В полном отчаянии он ищет в самом себе и вне себя спасительный идеал, противоположный своему внутреннему существу". Еще в августе 1882 года Ницше однажды прочитал Лу некоторые фрагменты собственных заметок, предназначенных им специально для ее ушей, среди которых есть такое признание: "Самая слабая женщина преображает каждого мужчину в Бога и одновременно из каждой заповеди старой религии творит нечто святое, неприкосновенное, окончательное. И поэтому видно, что для установления религии слабый пол важнее, чем сильный". Вот какого партнера по невозможному угадал и потерял Ницше в Лу: она обладала властью превратить его в пророка.

По правде сказать, у Лу на языке вертелись еще более рискованные сравнения, когда, спохватываясь во время совместных с Ницше "посещений бездн", она начинала понимать его слова о том, что "если долго глядеться в бездну, бездна начинает вглядываться в тебя". Эти затягивавшие их посещения бездн оживают на страницах ее таутенбургского дневника: "Сейчас невольно находимся духовно в некоем месте, которое кружит головы и куда мы пришли поодиночке, чтобы заглянуть в глубины и пропасти. Даже гуляя, мы выбираем всегда "козьи тропы", и если бы кто-то к нам прислушался, то подумал бы, что разговаривают два дьявола". "Два дьявола" в Таутенбурге не один день подряд беседовали о тайне силы, иногда завершая разговор невинным поцелуем, который со стороны Лу никогда не был задатком возможной любви. Впрочем, о любви, нежности и дружбе она в тот период написала ряд афоризмов (известных позднее как сборник "Штибер Нестбух,"), которые зачитывала и Рэ, и Ницше, стараясь с помощью последнего шлифовать свой стиль. "Любовь подобна водопаду, потому понять ее можно лишь в падении: и чем стремительнее падение, тем быстрее она проходит"; "Смысловым моментом у женщины является последнее слово, а у мужчины — первое". Здесь же запечатлен и ее приоритет Дружбы над всеми другими типами взаимоотношений: "Друг дает, а влюбленные домогаются". Некоторые афоризмы — явное эхо бесед с Ницше, другие — свидетельство переживаний последних месяцев, в частности все усугубляющейся вражды к ней Элизабет, которая, так и не дождавшись в своей жизни настоящего друга или подруги, тосковала за достойным себя врагом. В конце концов ей показалось, что она обрела такого абсолютного врага в лице "невыносимой русской". В длинном письме Элизабет Ницше к Кларе Гелзер в Базель мы находим прямо-таки стенограмму ее острого столкновения с Лу в Йене. Началось с того, что Элизабет, которая была старше Лу на пятнадцать лет, решила дать Саломе "совет" о необходимости благопристойного поведения и сделала это со свойственной ей плохо завуалированной агрессией:

— Считая тебя своей молодой сестрой, вижу свой долг в том, чтобы убедить тебя, что наибольшим кладом таких девушек, как ты, является доброе имя. Тебе едва ли известно, как велики должны быть пределы осторожности в контактах с мужчинами: один необдуманный жест, взгляд или слово — и ты уже погибла!
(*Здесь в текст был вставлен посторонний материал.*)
lemma kron_pow_row_sum: "i < 2 ^ n \<Longrightarrow> (\<Sum>j<2 ^ n. kron_pow n i j) = (if i = 0 then 1 else 0)"
proof (induction n arbitrary: i)
  case 0
  then show ?case by simp
next
  case (Suc n)
  let ?d = "(2::nat) ^ n"
  have shift: "(j + ?d) div ?d = 1" "(j + ?d) mod ?d = j" if "j < ?d" for j
    using that by (simp_all add: div_add_self2)
  have "(\<Sum>j<2 ^ Suc n. kron_pow (Suc n) i j)
      = (\<Sum>j<?d. F_mat (i div ?d) 0 * kron_pow n (i mod ?d) j)
        + (\<Sum>j<?d. F_mat (i div ?d) 1 * kron_pow n (i mod ?d) j)"
    by (simp add: sum_lessThan_double kron_def shift)
  also have "\<dots> = (F_mat (i div ?d) 0 + F_mat (i div ?d) 1) * (\<Sum>j<?d. kron_pow n (i mod ?d) j)"
    by (simp add: sum_distrib_left[symmetric] distrib_right)
  also have "\<dots> = (if i = 0 then 1 else 0)"
  proof (cases "i div ?d = 0")
    case True
    then have "i < ?d"
      by (simp add: div_eq_0_iff)
    then show ?thesis
      using True Suc.IH[of i] by (simp add: F_mat_def)
  next
    case False
    moreover have "i div ?d < 2"
      using Suc.prems by (simp add: less_mult_imp_div_less mult.commute)
    ultimately have "i div ?d = 1" "i \<noteq> 0"
      by (auto intro: Nat.gr0I)
    then show ?thesis
      by (simp add: F_mat_def bit_add_self)
  qed
  finally show ?case .
qed

lemma sum_vecmat_kron_pow:
  "(\<Sum>j<2 ^ n. vecmat (2 ^ n) w (kron_pow n) ! j) = w ! 0"
proof -
  have "(\<Sum>j<2 ^ n. vecmat (2 ^ n) w (kron_pow n) ! j) = (\<Sum>i<(2::nat) ^ n. if i = 0 then w ! 0 else 0)"
    unfolding sum_vecmat by (intro sum.cong) (simp_all add: kron_pow_row_sum)
  then show ?thesis
    by simp
qed

lemma convTrans_zero_state_kron_pow_image:
  assumes "length g = m + 1" "g ! 0 = 1"
  shows "(\<lambda>v. vecmat (2 ^ n) (fst (convTrans v g (replicate m 0))) (kron_pow n))
           ` {v. length v = 2 ^ n \<and> v ! 0 = 0}
       = {c. length c = 2 ^ n \<and> (\<Sum>j<2 ^ n. c ! j) = 0}"
    (is "?\<Phi> ` _ = _")
proof -
  let ?N = "(2::nat) ^ n"
  have "?\<Phi> ` {v. length v = ?N}
      = (\<lambda>w. vecmat ?N w (kron_pow n)) ` (\<lambda>v. fst (convTrans v g (replicate m 0))) ` {v. length v = ?N}"
    by (simp add: image_image)
  also have "\<dots> = (\<lambda>w. vecmat ?N w (kron_pow n)) ` {w. length w = ?N}"
    by (simp add: convTrans_zero_state_image[OF assms])
  also have "\<dots> = {c. length c = ?N}"
    by (rule vecmat_unitriangular_image) (use kron_pow_nonzero kron_pow_diag in blast)+
  finally have surj: "?\<Phi> ` {v. length v = ?N} = {c. length c = ?N}" .
  have parity: "(\<Sum>j<?N. ?\<Phi> v ! j) = v ! 0" if "length v = ?N" for v
  proof -
    have "v \<noteq> []"
      using that by auto
    then show ?thesis
      using convTrans_zero_state_nth_0[OF assms] by (simp add: sum_vecmat_kron_pow)
  qed
  have "{c. length c = ?N \<and> (\<Sum>j<?N. c ! j) = 0} = {c \<in> ?\<Phi> ` {v. length v = ?N}. (\<Sum>j<?N. c ! j) = 0}"
    unfolding surj by blast
  also have "\<dots> = ?\<Phi> ` {v. length v = ?N \<and> v ! 0 = 0}"
    using parity by auto
  finally show ?thesis
    by (rule sym)
qed

theorem mainTheorem4:
  fixes n m :: nat and g s :: "bit list"
  assumes "n \<ge> 1" and "m \<ge> 1"
    and "length g = m + 1" and "g ! 0 = 1"
    and "length s = m"
  shows "{vecmat (2^n) (fst (convTrans v g s)) (kron_pow n) | v. length v = 2^n \<and> v ! 0 = 0}
       = {map2 (+) c (vecmat (2^n) (fst (convTrans (replicate (2^n) 0) g s)) (kron_pow n))
          | c. length c = 2^n \<and> (\<Sum>j<2^n. c ! j) = 0}"
proof -
  let ?N = "(2::nat) ^ n"
  let ?\<eta>c = "vecmat ?N (fst (convTrans (replicate ?N 0) g s)) (kron_pow n)"
  let ?\<Phi> = "\<lambda>v. vecmat ?N (fst (convTrans v g (replicate m 0))) (kron_pow n)"
  have affine: "vecmat ?N (fst (convTrans v g s)) (kron_pow n) = map2 (+) (?\<Phi> v) ?\<eta>c"
    if "length v = ?N" for v
    using convTrans_affine[OF assms(3,5), of v] that by (simp add: vecmat_add)
  have "{vecmat ?N (fst (convTrans v g s)) (kron_pow n) | v. length v = ?N \<and> v ! 0 = 0}
      = (\<lambda>v. vecmat ?N (fst (convTrans v g s)) (kron_pow n)) ` {v. length v = ?N \<and> v ! 0 = 0}"
    by blast
  also have "\<dots> = (\<lambda>c. map2 (+) c ?\<eta>c) ` ?\<Phi> ` {v. length v = ?N \<and> v ! 0 = 0}"
    unfolding image_image by (rule image_cong[OF refl], rule affine) simp
  also have "\<dots> = {map2 (+) c ?\<eta>c | c. length c = ?N \<and> (\<Sum>j<?N. c ! j) = 0}"
    unfolding convTrans_zero_state_kron_pow_image[OF assms(3,4)] by blast
  finally show ?thesis .
qed

end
— Неужели? — не уступила ей в язвительности Лу и тут же попросила избавить ее от пересказа всех злопыхательств сплетников, добавив, что если бы в предупреждениях Элизабет была крупица смысла, Лу уже погибла бы окончательно.
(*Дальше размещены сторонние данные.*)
lemma affine_minorant_above:
  fixes h :: "'w::real_normed_vector \<Rightarrow> ereal"
  assumes "proper_e h" "lsc_e h" "convex_e h" and "ereal t < h w"
  shows "\<exists>\<psi> c. bounded_linear \<psi> \<and> (\<forall>u. ereal (\<psi> u - c) \<le> h u) \<and> t < \<psi> w - c"
proof -
  have not_MInf: "\<And>u. h u \<noteq> -\<infinity>"
    using proper_e_not_MInf[OF assms(1)] .
  obtain \<phi> \<beta> \<epsilon> where "bounded_linear \<phi>" "\<epsilon> > 0" "\<beta> \<ge> 0"
    and sep: "\<And>u s. h u \<le> ereal s \<Longrightarrow> \<phi> w + \<beta> * t + \<epsilon> \<le> \<phi> u + \<beta> * s"
    using epigraph_separation[OF assms] by blast
  show ?thesis
  proof (cases "\<beta> > 0")
    case True
    show ?thesis
      by (rule affine_minorant_from_separation[where h = h, OF \<open>bounded_linear \<phi>\<close> True \<open>\<epsilon> > 0\<close> sep not_MInf])
  next
    case False
    \<comment> \<open>A vertical separating hyperplane: tilt some affine minorant by a large multiple of \<phi>.\<close>
    then have sep0: "\<phi> w + \<epsilon> \<le> \<phi> u" if "h u \<le> ereal s" for u s
      using sep[OF that] \<open>\<beta> \<ge> 0\<close> by simp
    obtain u0 r0 where r0: "h u0 = ereal r0"
      using proper_e_finite_value[OF assms(1)] .
    then have "ereal (r0 - 1) < h u0"
      by simp
    then obtain \<phi>0 \<beta>0 \<epsilon>0 where "bounded_linear \<phi>0" "\<epsilon>0 > 0"
      and sep': "\<And>u s. h u \<le> ereal s \<Longrightarrow> \<phi>0 u0 + \<beta>0 * (r0 - 1) + \<epsilon>0 \<le> \<phi>0 u + \<beta>0 * s"
      using epigraph_separation[OF assms(1-3)] by blast
    have "\<beta>0 > 0"
      using sep'[of u0 r0] r0 \<open>\<epsilon>0 > 0\<close> by (simp add: algebra_simps)
    obtain \<psi>0 c0 where "bounded_linear \<psi>0" and minor0: "\<And>u. ereal (\<psi>0 u - c0) \<le> h u"
      using affine_minorant_from_separation[where h = h and w = u0 and t = "r0 - 1",
          OF \<open>bounded_linear \<phi>0\<close> \<open>\<beta>0 > 0\<close> \<open>\<epsilon>0 > 0\<close> sep' not_MInf]
      by blast
    define k where "k = max 0 ((t - (\<psi>0 w - c0)) / \<epsilon> + 1)"
    define \<psi> where "\<psi> u = \<psi>0 u - k * \<phi> u" for u
    define c where "c = c0 - k * (\<phi> w + \<epsilon>)"
    have "bounded_linear \<psi>"
      unfolding \<psi>_def
      using bounded_linear_sub[OF \<open>bounded_linear \<psi>0\<close> bounded_linear_compose[OF bounded_linear_mult_right \<open>bounded_linear \<phi>\<close>]] .
    moreover have "ereal (\<psi> u - c) \<le> h u" for u
    proof (cases "h u")
      case (real s)
      then have "k * (\<phi> w + \<epsilon> - \<phi> u) \<le> 0"
        using sep0[of u s] by (simp add: k_def mult_nonneg_nonpos)
      moreover have "\<psi>0 u - c0 \<le> s"
        using minor0[of u] real by simp
      ultimately show ?thesis
        using real unfolding \<psi>_def c_def by (simp add: algebra_simps)
    qed (use not_MInf in auto)
    moreover have "t < \<psi> w - c"
    proof -
      have "(t - (\<psi>0 w - c0)) / \<epsilon> + 1 \<le> k"
        unfolding k_def by simp
      then have "t - (\<psi>0 w - c0) + \<epsilon> \<le> k * \<epsilon>"
        using \<open>\<epsilon> > 0\<close> by (simp add: field_simps)
      then show ?thesis
        unfolding \<psi>_def c_def using \<open>\<epsilon> > 0\<close> by (simp add: algebra_simps)
    qed
    ultimately show ?thesis by blast
  qed
qed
Элизабет, естественно, не унялась и кинула в лицо Лу обвинения в бесстыдных шашнях с Жуковским, позорящих и предающих ее брата, этого "несчастного слепца", крича:

— Жуковский — шарлатан! Я не позволю произносить имя моего брата рядом с именем этого шарлатана!

— Жуковский — великий художник, — кратко отрезала Лу.
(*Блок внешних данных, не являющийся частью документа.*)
theorem corollary3:
  fixes q :: nat
  assumes "q \<ge> 2"
  shows "\<exists>f g :: nat \<Rightarrow> real. f \<longlonglongrightarrow> 0 \<and> g \<longlonglongrightarrow> 0 \<and>
    (\<forall>\<^sub>F n in sequentially.
       log q (log q n) - f n \<le> r_star q n \<and>
       r_star q n \<le> log q (log q n) + 1 - log q 2 + g n)"
proof -
  obtain f where "f \<longlonglongrightarrow> 0" and lower: "\<forall>\<^sub>F n in sequentially. log q (log q n) - f n \<le> r_star q n"
    using r_star_lower_asymptotic[OF assms] by blast
  obtain g where "g \<longlonglongrightarrow> 0"
    and upper: "\<forall>\<^sub>F n in sequentially. r_star q n \<le> log q (log q n) + 1 - log q 2 + g n"
    using r_star_upper_asymptotic[OF assms] by blast
  show ?thesis
    using \<open>f \<longlonglongrightarrow> 0\<close> \<open>g \<longlonglongrightarrow> 0\<close> eventually_conj[OF lower upper] by blast
qed

end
— Он русский, и ты защищаешь его только поэтому! Только русские могли выдумать такую несуразицу и бесстыдство, как эта ваша жизнь втроем!

Так в пылу ссоры у Элизабет вырвалась главная причина ее враждебности и недоверия провинциальной бюргерши к "неспокойному, взрывоопасному" духу, который, как она сознается своей адресатке, символизируют для нее русские. Она считает целью Лу только приобретение славы благодаря близости к брату и его откровенное интеллектуальное обворовывание. Подозрительность Элизабет безудержно возрастет благодаря еще одному курьезному происшествию: она с возмущением обнаружит, что Лу на ее глазах легко, словно он был ее давним приятелем, завязала непринужденную беседу с Ферстером, этой первой и последней надеждой Элизабет создать семью. Старая дева Элизабет никогда не обладала тем искрометным даром общения, который так отличал Лу, и той ночью она никак не могла уснуть. В ее воспаленном воображении возникло подозрение, что Лу, пользуясь своим обаянием, задумала поколебать идейные убеждения националиста и антисемита Ферстера и сломать его боевой дух. Спустя три года она-таки станет фрау Ферстер, но через четыре года семейной жизни в Парагвае, где он собирался создать немецкую колонию Новая Германия, Ферстер умрет при неясных обстоятельствах, предположительно в результате самоубийства. Вернувшись в Германию, Элизабет окончательно возьмет под свой контроль жизнь и наследие брата. Она будет неискренно сетовать, имея в виду историю с Лу: "Какой-то злой рок пожелал, чтобы именно в это время, когда здоровье брата несколько восстановилось, его посетили тяжелые личные испытания: он пережил глубокие разочарования в дружбе… И в первый раз познал одиночество…" Эти тенденциозные сожаления весьма диссонируют с тем признанием, которое вырвалось у Ницше как раз в пору его знакомства с Лу: "Я не хочу больше быть одиноким и хочу вновь открыть для себя, как быть человечным".

Однако Лу, старавшаяся смотреть в глубь той силы, которая столкнула их с Ницше, уже в Таутенбурге отдавала себе отчет в противоречивости их взаимопритяжения и предчувствовала то неуловимое нечто, которое может помешать им стать партнерами по невозможному: "Целиком ли мы близки? — пишет она в таутенбургском дневнике. — Нет, ни в коем случае нет. Над моими ощущениями парит какая-то тень тех идей, которые еще несколько недель назад осчастливливали Ницше, и эта тень нас разделяет, она втискивается между нами.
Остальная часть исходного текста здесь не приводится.